Problem to solve: Could you print exactly the lines of the listing below, starting at the line that has "from inv have" and ending at the line that has "then obtain j", and only those lines?

Supplied material:
(* Let $h$ be odd and let $\psi$ be an additive character of $\mathbb{F}_{q^2}$ of conductor $q^2$. If $\nu$ is a character of $H'$ whose restriction to $H_0'$ is $\widetilde\psi$, then $\nu=\chi^\sharp$ for some $\chi\in\mathcal A_\psi$. Moreover, $$\mathrm{Ind}_{H_0'}^{H'}(\widetilde\psi)\cong\bigoplus_{\chi\in\mathcal A_\psi}\chi^\sharp.$$
   Context: Let $p$ be a prime, $q$ a power of $p$, $\ell\ne p$, and $h\ge3$ an odd integer. For a commutative $\mathbb{F}_q$-algebra $A$, $U_h^{2,q}(A)$ is the set of formal expressions $1+\sum_{i=1}^{2(h-1)}a_i\tau^i$ ($a_i\in A$) with multiplication obtained by extending $(a\tau^i)(b\tau^j)=ab^{q^i}\tau^{i+j}$ bi-additively, $\tau^0=1$, $\tau^k=0$ for $k>2(h-1)$. In $\mathcal U=U_h^{2,q}(\mathbb{F}_{q^2})$ let $H_0'=\{1+\sum a_i\tau^i: a_i=0\text{ unless } i=2(h-1)\text{ or } i\text{ is odd with } i>h-1\}$ and $H'=\{1+\sum a_i\tau^i: a_i=0\text{ for all odd } i\le h-1\}$. Let $L=\mathbb{F}_{q^2}((\pi))$ and $U_L^i=1+\pi^i\mathbb{F}_{q^2}[[\pi]]$. An additive character $\psi\colon\mathbb{F}_{q^2}\to\overline{\mathbb{Q}}_\ell^\times$ has conductor $q^2$ if there exists $x$ with $\psi(x^q)\ne\psi(x)$; $\widetilde\psi(1+\sum a_i\tau^i)=\psi(a_{2(h-1)})$ on $H_0'$. $\mathcal A_\psi$ is the set of characters $\chi$ of $U_L^1/U_L^h$ with $\chi(1+a\pi^{h-1})=\psi(a)$ for all $a\in\mathbb{F}_{q^2}$. For $\chi\in\mathcal A_\psi$, $\chi^\sharp$ is the character of $H'$ given by $\chi^\sharp(1+\sum a_i\tau^i)=\chi(1+a_2\pi+a_4\pi^2+\cdots+a_{2(h-1)}\pi^{h-1})$. *)

theory Defs
  imports Complex_Main "HOL-Algebra.Group" "HOL-Computational_Algebra.Primes"
begin
lemma phase2_small_card_le:
  assumes "G1 \<subseteq> S1" and cover1: "\<forall>s\<in>S1. \<exists>g\<in>G1. d s g \<le> 2 * r"
    and inv: "phase2_small_inv G1 S2 (G1, G2, Gs, \<sigma>)"
  shows "card G2 \<le> k2"
proof -
  from inv have G2: "G2 \<subseteq> S2" "separated G2" and far: "\<forall>g\<in>G2. \<forall>j\<in>G1. 3 * r < d g j"
    by auto
  have "card G2 \<le> card (Cs \<inter> S2)"
  proof (rule separated_card_le_reference)
    show "\<forall>g\<in>G2. \<forall>c\<in>Cs. d g c \<le> r \<longrightarrow> c \<in> S2"
    proof (intro ballI impI)
      fix g c assume "g \<in> G2" "c \<in> Cs" "d g c \<le> r"
      show "c \<in> S2"
      proof (rule ccontr)
        assume "c \<notin> S2"
        then have "c \<in> S1" using \<open>c \<in> Cs\<close> reference_subset by blast
        then obtain j where "j \<in> G1" "d c j \<le> 2 * r" using cover1 by blast
        then have "d g j \<le> r + 2 * r"
          using metric_on_triangle_le[OF metric, of g c j] \<open>g \<in> G2\<close> \<open>c \<in> S1\<close> \<open>d g c \<le> r\<close> G2(1) assms(1)
          by blast
        with far \<open>g \<in> G2\<close> \<open>j \<in> G1\<close> show False by force
      qed
    qed
  qed (use G2 in auto)
  also have "\<dots> \<le> k2" using reference_feasible by (simp add: fair_feasible_def)
  finally show ?thesis .
qed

Solution to this problem:
  from inv have G2: "G2 \<subseteq> S2" "separated G2" and far: "\<forall>g\<in>G2. \<forall>j\<in>G1. 3 * r < d g j"
    by auto
  have "card G2 \<le> card (Cs \<inter> S2)"
  proof (rule separated_card_le_reference)
    show "\<forall>g\<in>G2. \<forall>c\<in>Cs. d g c \<le> r \<longrightarrow> c \<in> S2"
    proof (intro ballI impI)
      fix g c assume "g \<in> G2" "c \<in> Cs" "d g c \<le> r"
      show "c \<in> S2"
      proof (rule ccontr)
        assume "c \<notin> S2"
        then have "c \<in> S1" using \<open>c \<in> Cs\<close> reference_subset by blast
        then obtain j where "j \<in> G1" "d c j \<le> 2 * r" using cover1 by blast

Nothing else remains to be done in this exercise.